# Transporting tortoises.



## Anyfoot (Oct 8, 2018)

Hi all. 

Hoping for some advice off of the experienced breeders who have used couriers for transporting tortoises please. 

I’ve got 6 redfoots going out on Friday that will arrive down south(300miles) on Saturday morning. 
Torts are 5 to 6”SCL. 
What’s the best way to package them for transporting. I’ve never couriered any before and feeling a bit on edge about it. 

I was thinking of using a polystyrene box that they transport reptiles in. 

Do I just put all 6 together or make separate compartments? 
Do I put some bedding in or just paper? 

Thanks in advance.


----------



## jsheffield (Oct 8, 2018)

Separate take out soup containers and enough newspaper inside and out to stop the torts from moving around much in the bigger box, and smaller soup containers.

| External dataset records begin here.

lemma two_phase_step_pos: "0 < \<mu> \<Longrightarrow> 0 < \<gamma> \<Longrightarrow> 0 < two_phase_step \<mu> \<gamma> k0 k"
  by (simp add: two_phase_step_def)

lemma two_phase_step_le:
  assumes "0 < \<mu>" "0 < \<gamma>" "\<mu> * \<gamma> \<le> 8" and k0: "k0 = nat \<lceil>64 / (\<mu>\<^sup>2 * \<gamma>\<^sup>2)\<rceil>"
  shows "two_phase_step \<mu> \<gamma> k0 k \<le> \<gamma>"
proof (cases "k < k0")
  case False
  define t where "t = \<mu> * \<gamma>"
  have t_pos: "0 < t"
    using assms by (simp add: t_def)
  have k0_ge: "64 / t\<^sup>2 \<le> real k0"
    using real_nat_ceiling_ge k0 by (simp add: t_def power_mult_distrib)
  have "\<mu> * two_phase_step \<mu> \<gamma> k0 k * (real k + 1) = 4 * (2 * real k + 1) / (real k + 1)"
    using False assms by (simp add: two_phase_step_def power2_eq_square)
  also have "\<dots> \<le> 8"
    by (simp add: field_simps)
  also have "8 \<le> t * (64 / t\<^sup>2)"
    using assms(1-3) by (simp add: t_def field_simps power2_eq_square)
  also have "\<dots> \<le> t * (real k + 1)"
    using k0_ge False t_pos by (intro mult_left_mono) auto
  finally have "\<mu> * two_phase_step \<mu> \<gamma> k0 k * (real k + 1) \<le> \<mu> * \<gamma> * (real k + 1)"
    by (simp add: t_def)
  then show ?thesis
    using assms(1) by (simp add: mult_le_cancel_right mult_le_cancel_left_pos)
qed (simp add: two_phase_step_def)

lemma geometric_recurrence_le:
  fixes a :: "nat \<Rightarrow> real"
  assumes step: "\<And>k. k < m \<Longrightarrow> a (Suc k) \<le> q * a k + b"
    and "0 \<le> q" "q < 1" "0 \<le> b"
  shows "a m \<le> q ^ m * a 0 + b / (1 - q)"
  using step
proof (induction m)
  case 0
  then show ?case
    using assms by simp
next
  case (Suc m)
  then have "a (Suc m) \<le> q * (q ^ m * a 0 + b / (1 - q)) + b"
    using assms(2) by (smt (verit) lessI less_SucI mult_left_mono)
  also have "\<dots> = q ^ Suc m * a 0 + b / (1 - q)"
    using assms(3) by (simp add: field_simps)
  finally show ?case .
qed

lemma weighted_telescoping_le:
  fixes a :: "nat \<Rightarrow> real"
  assumes step: "\<And>k. m \<le> k \<Longrightarrow> k < M \<Longrightarrow> (real k + 1)\<^sup>2 * a (Suc k) \<le> (real k)\<^sup>2 * a k + b"
    and "m \<le> M"
  shows "(real M)\<^sup>2 * a M \<le> (real m)\<^sup>2 * a m + (real M - real m) * b"
  using assms(2)
proof (induction M rule: dec_induct)
  case (step M)
  then show ?case
    using assms(1)[of M] by (simp add: algebra_simps)
qed simp

lemma decreasing_step_contraction:
  fixes t :: real and n k :: nat
  assumes "1 \<le> n" and t: "t * (real k + 1)\<^sup>2 = 4 * (2 * real k + 1)"
  shows "(real k + 1)\<^sup>2 * (1 - real n * t / 4) \<le> (real k)\<^sup>2"
proof -
  have "(real k + 1)\<^sup>2 * (1 - real n * t / 4) = (real k + 1)\<^sup>2 - real n * (t * (real k + 1)\<^sup>2) / 4"
    by (simp add: algebra_simps)
  also have "\<dots> = (real k + 1)\<^sup>2 - real n * (2 * real k + 1)"
    unfolding t by simp
  also have "\<dots> \<le> (real k + 1)\<^sup>2 - (2 * real k + 1)"
    using assms(1) by (intro diff_left_mono) (simp add: mult_le_cancel_right1)
  also have "\<dots> = (real k)\<^sup>2"
    by (simp add: power2_eq_square algebra_simps)
  finally show ?thesis .
qed

lemma decreasing_step_noise:
  fixes t :: real and n k :: nat
  assumes "0 \<le> t" "n \<le> k + 1" and t: "t * (real k + 1)\<^sup>2 = 4 * (2 * real k + 1)"
  shows "real n * (t ^ 3 * (real k + 1)\<^sup>2) \<le> 512"
proof -
  have "t * (real k + 1) * (real k + 1) \<le> 8 * (real k + 1)"
    using t by (simp add: power2_eq_square algebra_simps)
  then have tk: "t * (real k + 1) \<le> 8"
    by (rule mult_right_le_imp_le) simp
  have "real n * (t ^ 3 * (real k + 1)\<^sup>2) \<le> (real k + 1) * (t ^ 3 * (real k + 1)\<^sup>2)"
    using assms(1,2) by (intro mult_right_mono) auto
  also have "\<dots> = (t * (real k + 1)) ^ 3"
    by (simp add: power2_eq_square power3_eq_cube)
  also have "\<dots> \<le> 8 ^ 3"
    using tk assms(1) by (intro power_mono) auto
  finally show ?thesis
    by simp
qed

lemma decreasing_step_recurrence:
  fixes \<mu> c a a' :: real and n k :: nat
  assumes "0 \<le> a" "0 < \<mu>" "0 \<le> c" "1 \<le> n" "n \<le> k + 1"
    and g: "g = 4 * (2 * real k + 1) / (\<mu> * (real k + 1)\<^sup>2)"
    and rec: "a' \<le> (1 - \<mu> * real n * g / 4) * a + c * real n * g ^ 3"
  shows "(real k + 1)\<^sup>2 * a' \<le> (real k)\<^sup>2 * a + 512 * c / \<mu> ^ 3"
proof -
  define t where "t = \<mu> * g"
  have t: "t * (real k + 1)\<^sup>2 = 4 * (2 * real k + 1)" and "0 \<le> t"
    using assms(2) by (simp_all add: t_def g)
  have "(real k + 1)\<^sup>2 * a' \<le> (real k + 1)\<^sup>2 * ((1 - \<mu> * real n * g / 4) * a + c * real n * g ^ 3)"
    using rec by (intro mult_left_mono) auto
  also have "\<dots> = ((real k + 1)\<^sup>2 * (1 - real n * t / 4)) * a
      + c / \<mu> ^ 3 * (real n * (t ^ 3 * (real k + 1)\<^sup>2))"
    using assms(2) by (simp add: t_def field_simps power3_eq_cube)
  also have "\<dots> \<le> (real k)\<^sup>2 * a + c / \<mu> ^ 3 * 512"
    using decreasing_step_contraction[OF assms(4) t] decreasing_step_noise[OF \<open>0 \<le> t\<close> assms(5) t] assms
    by (intro add_mono mult_right_mono mult_left_mono) auto
  finally show ?thesis
    by (simp add: ac_simps)
qed

lemma constant_phase_le:
  fixes a :: "nat \<Rightarrow> real"
  assumes "0 < \<mu>" "0 < \<gamma>" "1 \<le> n" "\<mu> * real n * \<gamma> \<le> 4" "0 \<le> c" "1 \<le> k0"
    and rec: "\<And>k. k < k0 \<Longrightarrow> a (Suc k) \<le> (1 - \<mu> * real n * \<gamma> / 4) * a k + c * real n * \<gamma> ^ 3"
    and "0 \<le> a 0"
  shows "a k0 \<le> exp (- (\<mu> * real n * \<gamma> / 4)) * a 0 + 4 * c * \<gamma>\<^sup>2 / \<mu>"
proof -
  define q where "q = 1 - \<mu> * real n * \<gamma> / 4"
  have q: "0 \<le> q" "q < 1"
    using assms(1-4) by (auto simp: q_def)
  have "a k0 \<le> q ^ k0 * a 0 + c * real n * \<gamma> ^ 3 / (1 - q)"
    using q assms(2,5) by (intro geometric_recurrence_le) (simp_all add: rec q_def)
  also have "\<dots> \<le> exp (- (\<mu> * real n * \<gamma> / 4)) * a 0 + c * real n * \<gamma> ^ 3 / (1 - q)"
  proof (intro add_right_mono mult_right_mono)
    have "q ^ k0 \<le> q ^ 1"
      using q assms(6) by (intro power_decreasing) auto
    also have "\<dots> \<le> exp (- (\<mu> * real n * \<gamma> / 4))"
      using exp_ge_add_one_self[of "- (\<mu> * real n * \<gamma> / 4)"] by (simp add: q_def)
    finally show "q ^ k0 \<le> exp (- (\<mu> * real n * \<gamma> / 4))" .
  qed (use assms in simp)
  also have "c * real n * \<gamma> ^ 3 / (1 - q) = 4 * c * \<gamma>\<^sup>2 / \<mu>"
    using assms(1-3) by (simp add: q_def field_simps power2_eq_square power3_eq_cube)
  finally show ?thesis .
qed

lemma decreasing_phase_le:
  fixes a g :: "nat \<Rightarrow> real"
  assumes "0 < \<mu>" "0 \<le> c" "1 \<le> n" "n \<le> k0" "k0 \<le> M" "\<And>k. 0 \<le> a k"
    and g: "\<And>k. k0 \<le> k \<Longrightarrow> g k = 4 * (2 * real k + 1) / (\<mu> * (real k + 1)\<^sup>2)"
    and rec: "\<And>k. k0 \<le> k \<Longrightarrow> k < M \<Longrightarrow>
      a (Suc k) \<le> (1 - \<mu> * real n * g k / 4) * a k + c * real n * g k ^ 3"
  shows "(real M)\<^sup>2 * a M \<le> (real k0)\<^sup>2 * a k0 + (real M - real k0) * (512 * c / \<mu> ^ 3)"
proof (rule weighted_telescoping_le)
  fix k assume "k0 \<le> k" "k < M"
  then show "(real k + 1)\<^sup>2 * a (Suc k) \<le> (real k)\<^sup>2 * a k + 512 * c / \<mu> ^ 3"
    using assms(1-4,6) by (intro decreasing_step_recurrence[OF _ _ _ _ _ g rec]) auto
qed (rule assms(5))
(* Let $X_1, X_2, \ldots$ be independent random variables taking values in $[0,1]$, and assume there exists $\mu_0 \in [0,1]$ such that $\mathbb{E}[X_t] = \mu_0$ for all $t$. For $\delta > 0$ let $$\beta(n,\delta) = 2\,\mathcal{T}\!\left(\frac{\ln(3n\sqrt{n}/\delta)}{2}\right) + 6\ln(1+\ln(n)),$$ and let $\hat\tau_\delta$ be the Bernoulli GLR change-point detector with threshold $\beta$: $$\hat\tau_{\delta} := \inf \left\{ n \in \mathbb{N}^* : \sup_{1 \le s < n} \left[s \, \mathrm{kl}\left(\hat{\mu}_{1:s},\hat{\mu}_{1:n}\right) + (n-s)\, \mathrm{kl}\left(\hat{\mu}_{s+1:n},\hat{\mu}_{1:n}\right)\right] \geq \beta(n,\delta)\right\}.$$ Then $\mathbb{P}(\hat\tau_\delta < \infty) \leq \delta$.
   Context: For $k \le k'$, $\hat\mu_{k:k'} = \frac{1}{k'-k+1}\sum_{j=k}^{k'} X_j$. The binary relative entropy is $\mathrm{kl}(x,y) = x\ln(x/y) + (1-x)\ln((1-x)/(1-y))$ (with the usual conventions $0\ln 0 = 0$). For $u \ge 1$ let $h(u) = u - \ln(u)$ and let $h^{-1}$ be its inverse (on $[1,\infty)$). For $x \ge 0$ let $\tilde h(x) = e^{1/h^{-1}(x)} h^{-1}(x)$ if $x \ge h^{-1}(1/\ln(3/2))$ and $\tilde h(x) = \frac{3}{2}(x - \ln(\ln(3/2)))$ otherwise. Define $\mathcal{T}(x) = 2\tilde h\left(\frac{h^{-1}(1+x) + \ln(2\zeta(2))}{2}\right)$, where $\zeta(2) = \pi^2/6$. The infimum of the empty set is $+\infty$. *)

theory Defs
  imports "HOL-Probability.Probability"
begin

definition emp_mean :: "(nat \<Rightarrow> 'a \<Rightarrow> real) \<Rightarrow> nat \<Rightarrow> nat \<Rightarrow> 'a \<Rightarrow> real" where
  "emp_mean X k k' \<omega> = (\<Sum>j = k..k'. X j \<omega>) / (real k' - real k + 1)"

text \<open>Binary relative entropy with the convention 0 ln 0 = 0.\<close>
definition kl :: "real \<Rightarrow> real \<Rightarrow> real" where
  "kl x y = (if x = 0 then 0 else x * ln (x / y))
          + (if x = 1 then 0 else (1 - x) * ln ((1 - x) / (1 - y)))"

definition h_fun :: "real \<Rightarrow> real" where
  "h_fun u = u - ln u"

definition h_inv :: "real \<Rightarrow> real" where
  "h_inv x = (THE u. u \<ge> 1 \<and> h_fun u = x)"

definition h_tilde :: "real \<Rightarrow> real" where
  "h_tilde x = (if x \<ge> h_inv (1 / ln (3/2)) then exp (1 / h_inv x) * h_inv x
                else 3/2 * (x - ln (ln (3/2))))"

definition calT :: "real \<Rightarrow> real" where
  "calT x = 2 * h_tilde ((h_inv (1 + x) + ln (2 * (pi^2 / 6))) / 2)"

definition beta_thr :: "nat \<Rightarrow> real \<Rightarrow> real" where
  "beta_thr n \<delta> = 2 * calT (ln (3 * real n * sqrt (real n) / \<delta>) / 2) + 6 * ln (1 + ln (real n))"

text \<open>GLR statistic: sup over 1 \<le> s < n (a finite set; for n = 1 the set is empty).\<close>
definition glr_stat :: "(nat \<Rightarrow> 'a \<Rightarrow> real) \<Rightarrow> nat \<Rightarrow> 'a \<Rightarrow> real" where
  "glr_stat X n \<omega> = Max ((\<lambda>s. real s * kl (emp_mean X 1 s \<omega>) (emp_mean X 1 n \<omega>)
        + real (n - s) * kl (emp_mean X (s+1) n \<omega>) (emp_mean X 1 n \<omega>)) ` {1..<n})"

text \<open>GLR change-point detector; the infimum of the empty set is \<infinity>.
  The supremum over the empty set (n = 1) is -\<infinity>, so n = 1 never triggers.\<close>
definition glr_tau :: "(nat \<Rightarrow> 'a \<Rightarrow> real) \<Rightarrow> real \<Rightarrow> 'a \<Rightarrow> enat" where
  "glr_tau X \<delta> \<omega> = (INF n \<in> {n. n \<ge> 2 \<and> glr_stat X n \<omega> \<ge> beta_thr n \<delta>}. enat n)"

end

theory Submission
  imports Defs "HOL-Real_Asymp.Real_Asymp"
begin

text \<open>A false alarm at time \<open>n\<close> with change point \<open>s\<close> forces
  \<open>s kl(\<mu>\<^sub>1, \<mu>\<^sub>0) + (n - s) kl(\<mu>\<^sub>2, \<mu>\<^sub>0) \<ge> \<beta>(n, \<delta>)\<close> for the empirical means
  \<open>\<mu>\<^sub>1, \<mu>\<^sub>2\<close> of the two segments, because the pooled mean minimises the two-sample divergence.
  Discretising the length \<open>n - s\<close> on a dyadic scale \<open>m\<close> and the way the threshold is shared between
  the two segments yields finitely many Bernoulli likelihood-ratio products, one of which must then
  exceed \<open>e\<^sup>c\<close> by time \<open>s + 2^(m+1)\<close>, where \<open>c\<close> is slightly below \<open>\<beta>\<close>.
  Each product has independent factors of mean at most \<open>1\<close>, so by Ville's inequality it crosses
  \<open>e\<^sup>c\<close> with probability at most \<open>e\<^sup>-\<^sup>c\<close>; the definition of \<open>\<beta>\<close> makes these bounds summable
  over the grid, over \<open>m\<close> and over \<open>s\<close> with total at most \<open>\<delta>\<close>.\<close>

section \<open>A tractable lower bound for the threshold\<close>

lemma ln_less_minus_one:
  assumes "1 < x" shows "ln x < x - (1::real)"
proof -
  have "1 < sqrt x" using assms by simp
  have "ln x = 2 * ln (sqrt x)" using assms by (simp add: ln_sqrt)
  also have "\<dots> \<le> 2 * (sqrt x - 1)" using ln_le_minus_one[of "sqrt x"] \<open>1 < sqrt x\<close> by simp
  also have "\<dots> < x - 1"
  proof -
    have "0 < (sqrt x - 1)\<^sup>2" using \<open>1 < sqrt x\<close> by simp
    thus ?thesis using assms by (simp add: power2_eq_square algebra_simps)
  qed
  finally show ?thesis .
qed

lemma h_fun_strict_mono:
  assumes "1 \<le> u" "u < v" shows "h_fun u < h_fun v"
proof -
  have "ln v - ln u = ln (v / u)" using assms by (simp add: ln_div)
  also have "\<dots> < v / u - 1" using assms by (intro ln_less_minus_one) simp
  also have "\<dots> = (v - u) / u" using assms by (simp add: field_simps)
  also have "\<dots> \<le> v - u" using assms by (simp add: divide_le_eq)
  finally show ?thesis unfolding h_fun_def by simp
qed

lemma h_fun_surj:
  assumes "1 \<le> x" shows "\<exists>u\<ge>1. h_fun u = x"
proof -
  have "ln (2 * x) \<le> x"
    using ln_le_minus_one[of x] ln_2_less_1 assms by (simp add: ln_mult)
  hence "h_fun 1 \<le> x" "x \<le> h_fun (2 * x)" using assms unfolding h_fun_def by simp_all
  moreover have "continuous_on {1..2 * x} h_fun"
    unfolding h_fun_def by (intro continuous_intros) auto
  ultimately show ?thesis using IVT'[of h_fun 1 x "2 * x"] assms by force
qed

lemma h_inv:
  assumes "1 \<le> x" shows "1 \<le> h_inv x" "h_fun (h_inv x) = x"
proof -
  have "\<exists>!u. 1 \<le> u \<and> h_fun u = x"
    using h_fun_surj[OF assms] h_fun_strict_mono by (metis linorder_neqE_linordered_idom less_irrefl)
  from theI'[OF this] show "1 \<le> h_inv x" "h_fun (h_inv x) = x" unfolding h_inv_def by auto
qed

lemma h_inv_ge:
  assumes "1 \<le> x" shows "x + ln x \<le> h_inv x"
proof -
  have "0 \<le> ln (h_inv x)" using h_inv[OF assms] by simp
  hence "x \<le> h_inv x" using h_inv[OF assms] unfolding h_fun_def by linarith
  hence "ln x \<le> ln (h_inv x)" using assms by simp
  thus ?thesis using h_inv[OF assms] unfolding h_fun_def by simp
qed

lemma ln_le_of_le_exp: "0 < a \<Longrightarrow> a \<le> exp b \<Longrightarrow> ln a \<le> (b::real)"
  by (metis exp_le_cancel_iff exp_ln)

lemma ln_2_le: "ln (2::real) \<le> 3/4"
proof -
  have "(2::real) \<le> (1 + (3/4) / real 8) ^ 8" by (simp add: power_divide)
  also have "\<dots> \<le> exp (3/4)" by (rule exp_ge_one_plus_x_over_n_power_n) auto
  finally show ?thesis by (intro ln_le_of_le_exp) auto
qed

lemma ln_2_ge: "1/2 \<le> ln (2::real)"
  using exp_half_le2 by (subst ln_ge_iff) auto

lemma h_tilde_ge:
  assumes "1 \<le> z" shows "z + ln z + 1 \<le> h_tilde z"
proof (cases "h_inv (1 / ln (3/2)) \<le> z")
  case True
  define v where "v = h_inv z"
  have v: "1 \<le> v" "z + ln z \<le> v" using h_inv[OF assms] h_inv_ge[OF assms] unfolding v_def by auto
  have "(1 + 1 / v) * v \<le> exp (1 / v) * v"
    using exp_ge_add_one_self[of "1 / v"] v by (intro mult_right_mono) auto
  moreover have "(1 + 1 / v) * v = v + 1" using v by (simp add: field_simps)
  ultimately have "v + 1 \<le> exp (1 / v) * v" by simp
  thus ?thesis using True v unfolding h_tilde_def v_def by simp
next
  case False
  have "ln (3/2::real) \<le> 1/2"
    using exp_ge_add_one_self[of "1/2::real"] by (intro ln_le_of_le_exp) auto
  hence "ln (ln (3/2::real)) \<le> ln (1/2)" by (subst ln_le_cancel_iff) auto
  hence "ln (ln (3/2::real)) \<le> - ln 2" by (simp add: ln_div)
  moreover have "ln z \<le> ln 2 + z/2 - 1"
    using ln_le_minus_one[of "z/2"] assms by (simp add: ln_div)
  moreover have "h_tilde z = 3/2 * z - 3/2 * ln (ln (3/2))"
    using False unfolding h_tilde_def by simp
  ultimately show ?thesis using ln_2_le ln_2_ge by linarith
qed

lemma calT_ge:
  assumes "0 \<le> x" shows "4 + x + ln (1 + x) + 2 * ln (1 + x/2) \<le> calT x"
proof -
  define u where "u = h_inv (1 + x)"
  define c where "c = ln (2 * (pi\<^sup>2 / 6))"
  define z where "z = (u + c) / 2"
  have u: "1 + x + ln (1 + x) \<le> u" using h_inv_ge[of "1 + x"] assms unfolding u_def by simp
  have "exp 1 \<le> 2 * (pi\<^sup>2 / 6)"
    using exp_le pi_gt3 power_strict_mono[of 3 pi 2] by simp
  hence c: "1 \<le> c" unfolding c_def by (simp add: ln_ge_iff)
  have "0 \<le> ln (1 + x)" using assms by simp
  hence "2 + x \<le> u + c" using u c by linarith
  hence "1 + x/2 \<le> z" unfolding z_def by simp
  hence "1 \<le> z" "ln (1 + x/2) \<le> ln z" using assms by auto
  moreover have "calT x = 2 * h_tilde z" unfolding calT_def z_def u_def c_def ..
  moreover have "2 * z = u + c" unfolding z_def by simp
  ultimately show ?thesis using h_tilde_ge[of z] u c by linarith
qed

definition thr_log :: "real \<Rightarrow> real \<Rightarrow> real" where
  "thr_log \<delta> x = ln (3 * x * sqrt x / \<delta>)"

It's warm enough I think heat-packs would increase, rather than reduce, the risk.

Jamie


----------



## Anyfoot (Oct 8, 2018)

Can I use hay we have for the rabbit for bedding?


----------



## Yvonne G (Oct 8, 2018)

Another way is to put each tortoise in a tube sock and tie the end in a knot. Put down a layer of packing peanuts, then the tortoises then fill the box with more packing peanuts. Cardboard box is ok. I poke a few air holes around the sides of the box.


----------



## Yvonne G (Oct 8, 2018)

Be sure to mark the box in BIG letterS, "LIVE, HARMLESS ANIMAL" "THIS SIDE UP"


----------